◆ **Records for this task**:
(* Let $k$ be a field with $\mathrm{char}(k)\neq2$, let $m\in\{3,4\}$, and let $Q_1,Q_2$ be quadratic forms in $m$ variables over $k$ with matrices of second partial derivatives $A$ and $B$. Assume that $\ker(A)\cap\ker(B)=0$ (i.e. $\{Q_1=Q_2=0\}\subset\mathbb{P}^{m-1}$ is not a cone) and that the binary form $\det(Ax+Bz)$ is identically zero. Then: (i) if $m=3$, $(Q_1,Q_2)$ is $k$-equivalent to $(x_1x_2,\ x_2x_3)$; (ii) if $m=4$, $(Q_1,Q_2)$ is $k$-equivalent to $(x_1x_2,\ x_2x_3-x_4^2)$.
   Context: Two pairs of quadratic forms in $m$ variables over $k$ are $k$-equivalent if they lie in the same orbit of $GL_2(k)\times GL_m(k)$, where $(M,N)$ acts by replacing $(Q_1,Q_2)$ by $(m_{11}Q_1+m_{12}Q_2,\ m_{21}Q_1+m_{22}Q_2)$ and then substituting $x_j\leftarrow\sum_i n_{ij}x_i$. *)

theory Defs
  imports "HOL-Analysis.Analysis" "HOL-Computational_Algebra.Polynomial" "HOL-Library.Numeral_Type"
begin

definition is_quadratic_form :: "('a::field ^ 'n \<Rightarrow> 'a) \<Rightarrow> bool" where
  "is_quadratic_form Q \<longleftrightarrow>
     (\<exists>c::'n \<Rightarrow> 'n \<Rightarrow> 'a. \<forall>x. Q x = (\<Sum>i\<in>UNIV. \<Sum>j\<in>UNIV. c i j * x$i * x$j))"

text \<open>A is the matrix of second partial derivatives of Q:
  for Q = sum c_ij x_i x_j one has d^2 Q / dx_i dx_j = c_ij + c_ji.\<close>
definition is_hessian :: "'a::field ^ 'n ^ 'n \<Rightarrow> ('a ^ 'n \<Rightarrow> 'a) \<Rightarrow> bool" where
  "is_hessian A Q \<longleftrightarrow>
     (\<exists>c::'n \<Rightarrow> 'n \<Rightarrow> 'a. (\<forall>x. Q x = (\<Sum>i\<in>UNIV. \<Sum>j\<in>UNIV. c i j * x$i * x$j))
        \<and> (\<forall>i j. A$i$j = c i j + c j i))"

text \<open>The binary form det(A x + B z) as a bivariate polynomial
  (inner variable x, outer variable z).\<close>
definition binary_det :: "'a::field ^ 'n ^ 'n \<Rightarrow> 'a ^ 'n ^ 'n \<Rightarrow> 'a poly poly" where
  "binary_det A B = det (\<chi> i j. [: [:0, A$i$j:], [:B$i$j:] :])"

text \<open>(P1,P2) is in the GL_2(k) x GL_m(k)-orbit of (Q1,Q2): P_r = (m_r1 Q1 + m_r2 Q2)
  after substituting x_j <- sum_i n_ij x_i.\<close>
definition k_equiv :: "('a::field ^ 'n \<Rightarrow> 'a) \<Rightarrow> ('a ^ 'n \<Rightarrow> 'a) \<Rightarrow>
                       ('a ^ 'n \<Rightarrow> 'a) \<Rightarrow> ('a ^ 'n \<Rightarrow> 'a) \<Rightarrow> bool" where
  "k_equiv Q1 Q2 P1 P2 \<longleftrightarrow>
     (\<exists>(M::'a^2^2) (N::'a^'n^'n). invertible M \<and> invertible N \<and>
        (\<forall>x. P1 x = M$1$1 * Q1 (\<chi> j. \<Sum>i\<in>UNIV. N$i$j * x$i) + M$1$2 * Q2 (\<chi> j. \<Sum>i\<in>UNIV. N$i$j * x$i)) \<and>
        (\<forall>x. P2 x = M$2$1 * Q1 (\<chi> j. \<Sum>i\<in>UNIV. N$i$j * x$i) + M$2$2 * Q2 (\<chi> j. \<Sum>i\<in>UNIV. N$i$j * x$i)))"

end

theory Submission
  imports Defs "HOL-Computational_Algebra.Fraction_Field"
begin

text \<open>Since \<open>det(A x + B z)\<close> vanishes identically, the pencil \<open>B + t A\<close> has a nonzero polynomial
  kernel vector. Its coefficients \<open>v\<^sub>0, \<dots>, v\<^sub>d\<close> satisfy \<open>B v\<^sub>0 = 0\<close> and
  \<open>B v\<^sub>k\<^sub>+\<^sub>1 + A v\<^sub>k = 0\<close>, and by symmetry of \<open>A\<close> and \<open>B\<close> they are isotropic for both forms.
  For a kernel vector of minimal degree \<open>d \<ge> 2\<close>, the vectors \<open>v\<^sub>0, v\<^sub>1, v\<^sub>2\<close> and the covectors
  \<open>A v\<^sub>0, A v\<^sub>1\<close> would be independent and mutually annihilating, which needs at least five
  variables. Hence there are \<open>w, u\<close> with \<open>B w = 0\<close>, \<open>A u = 0\<close> and \<open>B u = -A w\<close>; as the pencil has
  no common kernel, \<open>f = A w\<close> is nonzero and a vector \<open>y\<close> with \<open>f\<cdot>y = 1\<close> (made isotropic for
  both forms by adding multiples of \<open>w\<close> and \<open>u\<close>) completes \<open>w, y, -u\<close> to a basis in which
  \<open>Q\<^sub>1 = x\<^sub>1x\<^sub>2\<close> and \<open>Q\<^sub>2 = x\<^sub>2x\<^sub>3\<close>. For four variables a fourth basis vector \<open>z\<close> orthogonal to
  \<open>w, y, u\<close> for both forms adds \<open>x\<^sub>4\<^sup>2 Q\<^sub>1(z)\<close> and \<open>x\<^sub>4\<^sup>2 Q\<^sub>2(z)\<close>; these coefficients do not both
  vanish, since otherwise \<open>z\<close> would lie in the common kernel, and a change of basis of the
  pencil followed by a substitution in \<open>x\<^sub>1, x\<^sub>3\<close> gives \<open>(x\<^sub>1x\<^sub>2, x\<^sub>2x\<^sub>3 - x\<^sub>4\<^sup>2)\<close>.\<close>

lemma det_map_ring_hom:
  fixes h :: "'a::comm_ring_1 \<Rightarrow> 'b::comm_ring_1"
  assumes add: "\<And>a b. h (a + b) = h a + h b" and mult: "\<And>a b. h (a * b) = h a * h b"
    and one: "h 1 = 1" and neg: "\<And>a. h (- a) = - h a"
  shows "det (\<chi> i j. h (M$i$j)) = h (det M)"
proof -
  have zero: "h 0 = 0" using add[of 0 0] by simp
  have h_sum: "h (sum g S) = (\<Sum>x\<in>S. h (g x))" for g :: "_ \<Rightarrow> 'a" and S
    using sum_comp_morphism[of h g S, OF zero add] by (simp add: o_def)
  have h_prod: "h (prod g S) = (\<Prod>x\<in>S. h (g x))" for g :: "_ \<Rightarrow> 'a" and S
    by (induct S rule: infinite_finite_induct) (simp_all add: one mult)
  have h_sign: "h (of_int (sign p)) = of_int (sign p)" for p :: "'c \<Rightarrow> 'c"
    by (cases "sign p = 1") (auto simp: sign_def one neg)
  show ?thesis
    unfolding det_def h_sum by (simp add: mult h_prod h_sign)
qed

text \<open>Pass to the fraction field, take a kernel vector there and clear denominators.\<close>

lemma det_eq_0_imp_kernel:
  fixes M :: "'a::idom^'n^'n"
  assumes "det M = 0"
  obtains y where "y \<noteq> 0" "M *v y = 0"
proof -
  define h :: "'a \<Rightarrow> 'a fract" where "h a = Fract a 1" for a
  have h_add: "h (a + b) = h a + h b" and h_mult: "h (a * b) = h a * h b"
    and h_neg: "h (- a) = - h a" and h_one: "h 1 = 1" and h_eq_0: "h a = 0 \<longleftrightarrow> a = 0" for a b
    by (simp_all add: h_def One_fract_def Zero_fract_def eq_fract)
  have h_sum: "h (sum g S) = (\<Sum>x\<in>S. h (g x))" for g :: "_ \<Rightarrow> 'a" and S
    using sum_comp_morphism[of h g S] h_add h_eq_0 by (simp add: o_def)
  define M' where "M' = (\<chi> i j. h (M$i$j))"
  have "det M' = 0"
    using det_map_ring_hom[of h M, OF h_add h_mult h_one h_neg] assms h_eq_0 by (simp add: M'_def)
  then have "\<not> invertible M'"
    by (simp add: invertible_det_nz)
  then obtain x where x0: "x \<noteq> 0" and M'x: "M' *v x = 0"
    unfolding invertible_left_inverse matrix_left_invertible_ker by blast
  have "\<forall>i. \<exists>a b. x$i = Fract a b \<and> b \<noteq> 0"
    by (metis Fract_cases)
  then obtain a b where ab: "\<And>i. x$i = Fract (a i) (b i)" "\<And>i. b i \<noteq> 0"
    by metis
  define D where "D = prod b UNIV"
  define y where "y = (\<chi> i. a i * prod b (UNIV - {i}))"
  have hy: "h (y$i) = h D * x$i" for i
  proof -
    have "D = b i * prod b (UNIV - {i})"
      unfolding D_def by (simp add: prod.remove)
    then show ?thesis
      using ab[of i] by (simp add: h_def y_def eq_fract mult.commute mult.left_commute)
  qed
  have "h ((M *v y)$i) = h D * (M' *v x)$i" for i
    by (simp add: matrix_vector_mult_def h_sum h_mult hy M'_def sum_distrib_left mult.left_commute)
  then have My: "M *v y = 0"
    using M'x h_eq_0 by (simp add: vec_eq_iff)
  obtain i where "x$i \<noteq> 0"
    using x0 by (auto simp: vec_eq_iff)
  moreover have "h D \<noteq> 0"
    using ab(2) h_eq_0 by (simp add: D_def)
  ultimately have "y$i \<noteq> 0"
    using hy[of i] h_eq_0[of 0] by (metis mult_eq_0_iff)
  then have "y \<noteq> 0"
    by auto
  with My show thesis
    using that by blast
qed

definition vdot :: "'a::field^'n \<Rightarrow> 'a^'n \<Rightarrow> 'a" where
  "vdot x y = (\<Sum>i\<in>UNIV. x$i * y$i)"

lemma vdot_add_left: "vdot (x + y) z = vdot x z + vdot y z"
  and vdot_add_right: "vdot z (x + y) = vdot z x + vdot z y"
  and vdot_diff_left: "vdot (x - y) z = vdot x z - vdot y z"
  and vdot_diff_right: "vdot z (x - y) = vdot z x - vdot z y"
  and vdot_neg_left: "vdot (- x) y = - vdot x y"
  and vdot_neg_right: "vdot x (- y) = - vdot x y"
  and vdot_scale_left: "vdot (c *s x) y = c * vdot x y"
  and vdot_scale_right: "vdot x (c *s y) = c * vdot x y"
  by (simp_all add: vdot_def algebra_simps sum.distrib sum_subtractf sum_negf sum_distrib_left)

lemma vdot_zero_left [simp]: "vdot 0 y = 0"
  and vdot_zero_right [simp]: "vdot x 0 = 0"
  by (simp_all add: vdot_def)

lemma vdot_commute: "vdot x y = vdot y x"
  by (simp add: vdot_def mult.commute)

lemmas vdot_linear_simps = vdot_add_left vdot_add_right vdot_diff_left vdot_diff_right
  vdot_neg_left vdot_neg_right vdot_scale_left vdot_scale_right
  matrix_vector_right_distrib matrix_vector_mult_diff_distrib vector_scalar_commute

lemma vdot_axis: "vdot z (axis i 1) = z$i"
  by (simp add: vdot_def axis_def if_distrib cong: if_cong)

lemma vdot_matrix_vector_mult: "vdot (A *v x) y = vdot x (transpose A *v y)"
proof -
  have "vdot (A *v x) y = (\<Sum>i\<in>UNIV. \<Sum>j\<in>UNIV. A$i$j * x$j * y$i)"
    by (simp add: vdot_def matrix_vector_mult_def sum_distrib_right)
  also have "\<dots> = (\<Sum>j\<in>UNIV. \<Sum>i\<in>UNIV. A$i$j * x$j * y$i)"
    by (rule sum.swap)
  also have "\<dots> = vdot x (transpose A *v y)"
    by (simp add: vdot_def matrix_vector_mult_def transpose_def sum_distrib_left mult_ac)
  finally show ?thesis .
qed

lemma vdot_symmetric_matrix:
  assumes "transpose A = A"
  shows "vdot (A *v x) y = vdot (A *v y) x"
  by (metis assms vdot_commute vdot_matrix_vector_mult)

lemma vdot_eq_0_on_span:
  assumes "\<forall>s\<in>T. vdot z s = 0" and "x \<in> vec.span T"
  shows "vdot z x = 0"
  using assms(2)
  by (induct rule: vec.span_induct_alt) (simp_all add: assms(1) vdot_add_right vdot_scale_right)

lemma vdot_nondegenerate: "(\<And>x. vdot z x = 0) \<Longrightarrow> z = 0"
  by (metis vdot_axis vec_eq_iff zero_index)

◆ **Task**: Repeat exactly the lines of the data from the first one through the line with "after substituting x_j", both of them included.

◆ **Exercise response**:
(* Let $k$ be a field with $\mathrm{char}(k)\neq2$, let $m\in\{3,4\}$, and let $Q_1,Q_2$ be quadratic forms in $m$ variables over $k$ with matrices of second partial derivatives $A$ and $B$. Assume that $\ker(A)\cap\ker(B)=0$ (i.e. $\{Q_1=Q_2=0\}\subset\mathbb{P}^{m-1}$ is not a cone) and that the binary form $\det(Ax+Bz)$ is identically zero. Then: (i) if $m=3$, $(Q_1,Q_2)$ is $k$-equivalent to $(x_1x_2,\ x_2x_3)$; (ii) if $m=4$, $(Q_1,Q_2)$ is $k$-equivalent to $(x_1x_2,\ x_2x_3-x_4^2)$.
   Context: Two pairs of quadratic forms in $m$ variables over $k$ are $k$-equivalent if they lie in the same orbit of $GL_2(k)\times GL_m(k)$, where $(M,N)$ acts by replacing $(Q_1,Q_2)$ by $(m_{11}Q_1+m_{12}Q_2,\ m_{21}Q_1+m_{22}Q_2)$ and then substituting $x_j\leftarrow\sum_i n_{ij}x_i$. *)

theory Defs
  imports "HOL-Analysis.Analysis" "HOL-Computational_Algebra.Polynomial" "HOL-Library.Numeral_Type"
begin

definition is_quadratic_form :: "('a::field ^ 'n \<Rightarrow> 'a) \<Rightarrow> bool" where
  "is_quadratic_form Q \<longleftrightarrow>
     (\<exists>c::'n \<Rightarrow> 'n \<Rightarrow> 'a. \<forall>x. Q x = (\<Sum>i\<in>UNIV. \<Sum>j\<in>UNIV. c i j * x$i * x$j))"

text \<open>A is the matrix of second partial derivatives of Q:
  for Q = sum c_ij x_i x_j one has d^2 Q / dx_i dx_j = c_ij + c_ji.\<close>
definition is_hessian :: "'a::field ^ 'n ^ 'n \<Rightarrow> ('a ^ 'n \<Rightarrow> 'a) \<Rightarrow> bool" where
  "is_hessian A Q \<longleftrightarrow>
     (\<exists>c::'n \<Rightarrow> 'n \<Rightarrow> 'a. (\<forall>x. Q x = (\<Sum>i\<in>UNIV. \<Sum>j\<in>UNIV. c i j * x$i * x$j))
        \<and> (\<forall>i j. A$i$j = c i j + c j i))"

text \<open>The binary form det(A x + B z) as a bivariate polynomial
  (inner variable x, outer variable z).\<close>
definition binary_det :: "'a::field ^ 'n ^ 'n \<Rightarrow> 'a ^ 'n ^ 'n \<Rightarrow> 'a poly poly" where
  "binary_det A B = det (\<chi> i j. [: [:0, A$i$j:], [:B$i$j:] :])"

text \<open>(P1,P2) is in the GL_2(k) x GL_m(k)-orbit of (Q1,Q2): P_r = (m_r1 Q1 + m_r2 Q2)
  after substituting x_j <- sum_i n_ij x_i.\<close>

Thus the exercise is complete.